Question

(a) If \(f\left( x \right) = \left( {{x^3} - x} \right){e^x}\), find \(f'\left( x \right)\).

(b) Check to see that your answer to part (a) is reasonable by comparing the graphs of \(f\) and \(f'\).

Short answer

(a) The value of \(f'\left( x \right)\) is \({e^x}\left( {{x^3} + 3{x^2} - x - 1} \right)\).

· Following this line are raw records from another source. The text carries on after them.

section \<open>The GePUP-E formulation\<close>

locale gepup_e =
  fixes \<Omega> :: "'a::euclidean_space set" and \<rho> :: "'a \<Rightarrow> real" and n :: "'a \<Rightarrow> 'a"
    and w u g :: "'a \<Rightarrow> real \<Rightarrow> 'a" and q :: "'a \<Rightarrow> real \<Rightarrow> real"
    and \<nu> lam t0 :: real and U :: "('a \<times> real) set"
  assumes dom: "smooth_domain \<Omega> \<rho>"
    and normal: "\<forall>x\<in>frontier \<Omega>. n x = outward_normal \<rho> x"
    and nu: "\<nu> > 0"
    and U: "open U" "closure \<Omega> \<times> {t0..} \<subseteq> U"
    and smooth: "smooth_on U (\<lambda>z. w (fst z) (snd z))" "smooth_on U (\<lambda>z. u (fst z) (snd z))"
      "smooth_on U (\<lambda>z. q (fst z) (snd z))" "smooth_on U (\<lambda>z. g (fst z) (snd z))"
    and evol: "\<forall>t\<ge>t0. \<forall>x\<in>\<Omega>. tderiv w x t =
        g x t - advect (\<lambda>y. u y t) (\<lambda>y. u y t) x - grad (\<lambda>y. q y t) x + \<nu> *\<^sub>R lap (\<lambda>y. w y t) x"
    and w_bc: "\<forall>t\<ge>t0. \<forall>x\<in>frontier \<Omega>. (\<forall>\<tau>. \<tau> \<bullet> n x = 0 \<longrightarrow> w x t \<bullet> \<tau> = 0) \<and> dvg (\<lambda>y. w y t) x = 0"
    and proj: "\<forall>t\<ge>t0. leray_proj \<Omega> n (\<lambda>y. w y t) (\<lambda>y. u y t)"
    and u_bc: "\<forall>t\<ge>t0. \<forall>x\<in>frontier \<Omega>. u x t \<bullet> n x = 0"
    and q_eq: "\<forall>t\<ge>t0. \<forall>x\<in>\<Omega>. lap (\<lambda>y. q y t) x =
        dvg (\<lambda>y. g y t - advect (\<lambda>z. u z t) (\<lambda>z. u z t) y) x"
    and q_bc: "\<forall>t\<ge>t0. \<forall>x\<in>frontier \<Omega>. n x \<bullet> grad (\<lambda>y. q y t) x =
        n x \<bullet> (g x t - advect (\<lambda>y. u y t) (\<lambda>y. u y t) x + \<nu> *\<^sub>R lap (\<lambda>y. w y t) x) + lam * (n x \<bullet> w x t)"
    and init: "\<forall>x\<in>closure \<Omega>. w x t0 = u x t0"
begin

(b) When \(f\) has a horizontal tangent line, the value of \(f'\) is zero. Moreover, \(f'\) is negative in the interval when \(f\) is decreasing and it is positive when \(f\) is increasing.

Step-by-step solution

The product rule of differentiation

If a function\(h\left( x \right) = f\left( x \right) \cdot g\left( x \right)\)where\(f\)and\(g\)are both differentiable, then the derivative of\(h\left( x \right)\)is as follows:

\(\begin{aligned}\frac{{dh}}{{dx}} & = \frac{d}{{dx}}\left( {f\left( x \right) \cdot g\left( x \right)} \right)\\ & = f\left( x \right) \cdot \frac{d}{{dx}}\left( {g\left( x \right)} \right) + g\left( x \right) \cdot \frac{d}{{dx}}\left( {f\left( x \right)} \right)\end{aligned}\)

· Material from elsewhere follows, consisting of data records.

(* Let $P(t)(x)=x^n+a_2(t)x^{n-2}-\dots+(-1)^na_n(t)$ be a $C^\infty$ curve of real polynomials (with $a_1=0$), defined for $t$ near $0$, all of whose roots are real for every $t$. Then for every integer $r\ge0$ the following are equivalent: (1) $m(a_k)\ge kr$ for all $2\le k\le n$; (2) $m(\tilde\Delta_k)\ge k(k-1)r$ for all $2\le k\le n$; (3) $m(a_2)\ge 2r$.
   Context: Convention: a monic polynomial is written $P(x)=x^n-a_1x^{n-1}+a_2x^{n-2}-\dots+(-1)^na_n$, so $a_i=\sigma_i(x_1,\dots,x_n)$ is the $i$-th elementary symmetric function of its roots. Multiplicity: for a continuous real or complex valued function $f$ defined near $0$, $m(f)\in\{0,1,2,\dots\}\cup\{\infty\}$ is the supremum of all integers $p\ge0$ such that $f(t)=t^pg(t)$ near $0$ for some continuous function $g$; for a function $F$ on the space of polynomials and a fixed curve $P$, $m(F)$ means $m(t\mapsto F(P(t)))$. Power sums $s_i(x)=\sum_{j=1}^nx_j^i$ ($s_0=n$); $B_k(x)$ is the $k\times k$ matrix with $(i,j)$-entry $s_{i+j-2}(x)$, and $\Delta_k(x)=\det B_k(x)=\sum_{i_1<\dots<i_k}\prod_{1\le l<m\le k}(x_{i_l}-x_{i_m})^2$. Since $\Delta_k$ is symmetric there is a unique polynomial $\tilde\Delta_k$ with $\Delta_k(x)=\tilde\Delta_k(\sigma_1(x),\dots,\sigma_n(x))$; for a polynomial $P$ with coefficients $a_1,\dots,a_n$ one writes $\tilde\Delta_k(P)=\tilde\Delta_k(a_1,\dots,a_n)$. *)

theory Defs
  imports "Jordan_Normal_Form.Determinant" "HOL-Library.Extended_Nat"
    "HOL-Computational_Algebra.Polynomial" "HOL-Analysis.Derivative"
begin

definition esym :: "nat \<Rightarrow> nat \<Rightarrow> (nat \<Rightarrow> 'a::comm_ring_1) \<Rightarrow> 'a" where
  "esym n i x = (\<Sum>S\<in>{S. S \<subseteq> {..<n} \<and> card S = i}. \<Prod>j\<in>S. x j)"

definition psum :: "nat \<Rightarrow> nat \<Rightarrow> (nat \<Rightarrow> 'a::comm_ring_1) \<Rightarrow> 'a" where
  "psum n i x = (\<Sum>j<n. x j ^ i)"

text \<open>B_k(x): k x k matrix with (i,j) entry s_(i+j-2) (1-based), i.e. s_(i+j) 0-based.\<close>
definition Bmat :: "nat \<Rightarrow> nat \<Rightarrow> (nat \<Rightarrow> 'a::comm_ring_1) \<Rightarrow> 'a mat" where
  "Bmat n k x = Matrix.mat k k (\<lambda>(i, j). psum n (i + j) x)"

definition Delta :: "nat \<Rightarrow> nat \<Rightarrow> (nat \<Rightarrow> 'a::comm_ring_1) \<Rightarrow> 'a" where
  "Delta n k x = Determinant.det (Bmat n k x)"

text \<open>tilde Delta_k(a_1,...,a_n): the value Delta_k(x) for any (complex) x with
  sigma_i(x) = a_i for 1 <= i <= n (well defined since Delta_k is symmetric;
  such x exist by the fundamental theorem of algebra).\<close>
definition tDelta :: "nat \<Rightarrow> nat \<Rightarrow> (nat \<Rightarrow> real) \<Rightarrow> real" where
  "tDelta n k a = Re (Delta n k (SOME x :: nat \<Rightarrow> complex.
       \<forall>i\<in>{1..n}. esym n i x = complex_of_real (a i)))"

definition mpoly :: "nat \<Rightarrow> (nat \<Rightarrow> real) \<Rightarrow> real poly" where
  "mpoly n a = monom 1 n + (\<Sum>i\<in>{1..n}. monom ((-1) ^ i * a i) (n - i))"

definition hyperbolic :: "real poly \<Rightarrow> bool" where
  "hyperbolic p \<longleftrightarrow> (\<forall>z. poly (map_poly complex_of_real p) z = 0 \<longrightarrow> Im z = 0)"

definition mult0 :: "(real \<Rightarrow> real) \<Rightarrow> enat" where
  "mult0 f = Sup {enat p | p. \<exists>g \<delta>. \<delta> > 0 \<and> continuous_on {-\<delta><..<\<delta>} g \<and>
                    (\<forall>t\<in>{-\<delta><..<\<delta>}. f t = t ^ p * g t)}"

definition smooth_on :: "real set \<Rightarrow> (real \<Rightarrow> real) \<Rightarrow> bool" where
  "smooth_on S f \<longleftrightarrow> (\<forall>k. \<forall>t\<in>S. ((deriv ^^ k) f) differentiable (at t))"

end

theory Submission
  imports Defs "HOL-Computational_Algebra.Fundamental_Theorem_Algebra"
begin

(* Newton's identities express the power sums s_m of the roots as polynomials in a_1, ..., a_n
   that are weighted homogeneous of degree m when a_j has weight j. As B_k has entries s_(i+j),
   tDelta_k is weighted homogeneous of degree k(k-1), so a_j = t^(jr) b_j gives
   tDelta_k = t^(k(k-1)r) tDelta_k(b): this is (1) => (2). Since a_1 = 0, tDelta_2 = -2n a_2,
   which gives (2) => (3). For (3) => (1), hyperbolicity makes the roots x_j real with
   sum x_j^2 = s_2 = -2 a_2, so every root is O(|t|^r) and a_k = sigma_k(x) = O(|t|^(kr)).
   For a smooth function such a bound already yields the factor t^(kr): the Taylor coefficients
   of lower order must vanish, and the Lagrange remainder provides the continuous cofactor. *)

subsection \<open>Elementary symmetric functions and Newton's identities\<close>

lemma esym_0 [simp]: "esym n 0 x = 1"
proof -
  have "{S. S \<subseteq> {..<n} \<and> card S = 0} = {{}}"
    by (auto dest: finite_subset[of _ "{..<n}"])
  then show ?thesis by (simp add: esym_def)
qed

lemma esym_eq_0:
  assumes "n < i"
  shows "esym n i x = 0"
proof -
  have "card S \<le> n" if "S \<subseteq> {..<n}" for S
    using card_mono[OF finite_lessThan that] by simp
  then have empty: "{S. S \<subseteq> {..<n} \<and> card S = i} = {}"
    using assms by (auto simp: not_le[symmetric])
  show ?thesis by (simp only: esym_def empty sum.empty)
qed

lemma subsets_lessThan_Suc_card_Suc:
  "{S. S \<subseteq> {..<Suc n} \<and> card S = Suc i}
    = {S. S \<subseteq> {..<n} \<and> card S = Suc i} \<union> insert n ` {S. S \<subseteq> {..<n} \<and> card S = i}"
  (is "?A = ?A1 \<union> insert n ` ?B")
proof (intro equalityI subsetI)
  fix S assume S: "S \<in> ?A"
  show "S \<in> ?A1 \<union> insert n ` ?B"
  proof (cases "n \<in> S")
    case True
    then have "S = insert n (S - {n})" "S - {n} \<in> ?B"
      using S finite_subset[of S "{..<Suc n}"] by (auto simp: card_Diff_singleton)
    then show ?thesis by blast
  next
    case False
    then show ?thesis using S by (auto simp: less_Suc_eq)
  qed
next
  fix S assume "S \<in> ?A1 \<union> insert n ` ?B"
  then consider "S \<in> ?A1" | T where "T \<in> ?B" "S = insert n T" by blast
  then show "S \<in> ?A"
  proof cases
    case 1
    then show ?thesis by auto
  next
    case (2 T)
    then have "finite T" "n \<notin> T"
      using finite_subset[OF _ finite_lessThan] by auto
    then show ?thesis using 2 by auto
  qed
qed

lemma esym_Suc_Suc: "esym (Suc n) (Suc i) x = esym n (Suc i) x + x n * esym n i x"
proof -
  let ?A1 = "{S. S \<subseteq> {..<n} \<and> card S = Suc i}"
  let ?B = "{S. S \<subseteq> {..<n} \<and> card S = i}"
  have below_n: "finite T \<and> n \<notin> T" if "T \<subseteq> {..<n}" for T
    using that finite_subset[OF that finite_lessThan] by auto
  have fin: "finite ?A1" "finite ?B"
    by (rule finite_subset[of _ "Pow {..<n}"]; auto)+
  have inj: "inj_on (insert n) ?B"
    by (rule inj_onI) (metis below_n insert_ident mem_Collect_eq)
  have "esym (Suc n) (Suc i) x = esym n (Suc i) x + (\<Sum>S\<in>insert n ` ?B. \<Prod>j\<in>S. x j)"
    unfolding esym_def subsets_lessThan_Suc_card_Suc using fin
    by (subst sum.union_disjoint) auto
  also have "(\<Sum>S\<in>insert n ` ?B. \<Prod>j\<in>S. x j) = (\<Sum>S\<in>?B. \<Prod>j\<in>insert n S. x j)"
    using inj by (simp add: sum.reindex)
  also have "\<dots> = (\<Sum>S\<in>?B. x n * (\<Prod>j\<in>S. x j))"
  proof (rule sum.cong [OF refl])
    fix S assume "S \<in> ?B"
    then show "(\<Prod>j\<in>insert n S. x j) = x n * (\<Prod>j\<in>S. x j)"
      using below_n[of S] by simp
  qed
  finally show ?thesis by (simp add: esym_def sum_distrib_left)
qed

lemma esym_Suc:
  "esym (Suc n) j x = esym n j x + (if j = 0 then 0 else x n * esym n (j - 1) x)"
  by (cases j) (simp_all add: esym_Suc_Suc)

The derivative of the given function

Differentiate\(f\left( x \right) = \left( {{x^3} - x} \right){e^x}\)using the product rule as follows:

\(\begin{aligned}f\left( x \right) & = \left( {{x^3} - x} \right){e^x}\\f'\left( x \right) & = \left( {{x^3} - x} \right)\frac{d}{{dx}}\left( {{e^x}} \right) + {e^x}\frac{d}{{dx}}\left( {\left( {{x^3} - x} \right)} \right)\\& = \left( {{x^3} - x} \right)\left( {{e^x}} \right) + {e^x}\left( {3{x^2} - 1} \right)\\ & = {e^x}\left( {{x^3} - x + 3{x^2} - 1} \right)\\ & = {e^x}\left( {{x^3} + 3{x^2} - x - 1} \right)\end{aligned}\)

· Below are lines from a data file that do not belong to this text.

text \<open>A transition changes the sheet exactly when the underlying map reverses orientation.\<close>
lemma Aentry_sheet_iff:
  assumes "Aentry N f i j"
  shows "j \<le> N \<longleftrightarrow> (i \<le> N \<longleftrightarrow> bar N i \<in> IP N f)"
  using assms IP_subset[of N f] IR_subset[of N f] IP_disjoint_IR[of N f]
  unfolding Aentry_def bar_def by (auto split: if_splits)

lemma mem_Xsp:
  "(\<omega>, x) \<in> Xsp N f \<longleftrightarrow> (\<forall>n. \<omega> n \<in> {1..2*N} \<and> Aentry N f (\<omega> n) (\<omega> (n + 1))) \<and> x \<in> {0..1}"
  unfolding Xsp_def SigmaA_def by simp

lemma XspD:
  assumes "p \<in> Xsp N f"
  shows "fst p n \<in> {1..2*N}" and "Aentry N f (fst p n) (fst p (n + 1))" and "snd p \<in> {0..1}"
  using assms mem_Xsp[of "fst p" "snd p"] by simp_all

lemma sheet_flip_Xsp: "p \<in> Xsp N f \<Longrightarrow> sheet_flip N p \<in> Xsp N f"
  using XspD[of p N f] sheet_swap_range Aentry_sheet_swap
  by (simp add: mem_Xsp sheet_flip_def R_def)

lemma PiMap_sheet_flip: "p \<in> Xsp N f \<Longrightarrow> PiMap N (sheet_flip N p) = PiMap N p"
  using XspD(1)[of p N f] bar_sheet_swap sheet_swap_le_iff
  by (simp add: sheet_flip_def R_def PiMap_def piA_def)

lemma PiMap_inj_on_sheet:
  assumes p: "p \<in> Xsp N f" and q: "q \<in> Xsp N f" and "PiMap N p = PiMap N q"
    and "fst p 0 \<le> N \<longleftrightarrow> fst q 0 \<le> N"
  shows "p = q"
proof -
  have bar_eq: "bar N (fst p n) = bar N (fst q n)" for n
    using \<open>PiMap N p = PiMap N q\<close> by (simp add: PiMap_def piA_def fun_eq_iff)
  have "(fst p (n + 1) \<le> N \<longleftrightarrow> fst q (n + 1) \<le> N) \<longleftrightarrow> (fst p n \<le> N \<longleftrightarrow> fst q n \<le> N)" for n
    using Aentry_sheet_iff[OF XspD(2)[OF p, of n]] Aentry_sheet_iff[OF XspD(2)[OF q, of n]] bar_eq[of n]
    by argo
  then have same_sheet: "fst p n \<le> N \<longleftrightarrow> fst q n \<le> N" for n
    using int_shift_invariant[where P = "\<lambda>n. fst p n \<le> N \<longleftrightarrow> fst q n \<le> N"] assms(4) by blast
  have "fst p n = fst q n" for n
    using bar_eq[of n] same_sheet[of n] XspD(1)[OF p] XspD(1)[OF q]
    unfolding bar_def by (auto split: if_splits)
  moreover have "snd p = snd q"
    using \<open>PiMap N p = PiMap N q\<close> assms(4) by (auto simp: PiMap_def R_def split: if_splits)
  ultimately show "p = q" by (simp add: prod_eq_iff fun_eq_iff)
qed

lemma PiMap_eq_cases:
  assumes "p \<in> Xsp N f" "q \<in> Xsp N f" "PiMap N p = PiMap N q"
  shows "q = p \<or> q = sheet_flip N p"
proof (cases "fst p 0 \<le> N \<longleftrightarrow> fst q 0 \<le> N")
  case True
  then show ?thesis using PiMap_inj_on_sheet assms by metis
next
  case False
  then have "fst (sheet_flip N p) 0 \<le> N \<longleftrightarrow> fst q 0 \<le> N"
    using sheet_swap_le_iff[OF XspD(1)[OF assms(1)]] by (auto simp: sheet_flip_def)
  then show ?thesis
    using PiMap_inj_on_sheet[OF sheet_flip_Xsp] PiMap_sheet_flip assms by metis
qed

Hence, the value of \(f'\left( x \right)\) is \({e^x}\left( {{x^3} + 3{x^2} - x - 1} \right)\).

Check the answer visually

The procedure to draw the graph of the above equation by using the graphing calculator is as follows:

To check the answer visually draw the graph of the function \({f_1}\left( x \right) = \left( {{x^3} - x} \right){e^x}\)and \({f_2}\left( x \right) = {e^x}\left( {{x^3} + 3{x^2} - x - 1} \right)\) by using the graphing calculator as shown below:

1. Open the graphing calculator. Select the “STAT PLOT” and enter the equation\(\left( {{x^3} - x} \right){e^x}\)in the\({Y_1}\)tab.
2. Select the “STAT PLOT” and enter the equation\({e^x}\left( {{x^3} + 3{x^2} - x - 1} \right)\)in the\({Y_2}\)tab.
3. Enter the “GRAPH” button in the graphing calculator.

Visualization of graph of the function\({f_1}\left( x \right) = \left( {{x^3} - x} \right){e^x}\)and \({f_2}\left( x \right) = {e^x}\left( {{x^3} + 3{x^2} - x - 1} \right)\) is shown below:

Notice that when \(f\) has a horizontal tangent line, the value of \(f'\) is zero. Moreover, \(f'\) is negative in the interval when \(f\) is decreasing and it is positive when \(f\) is increasing.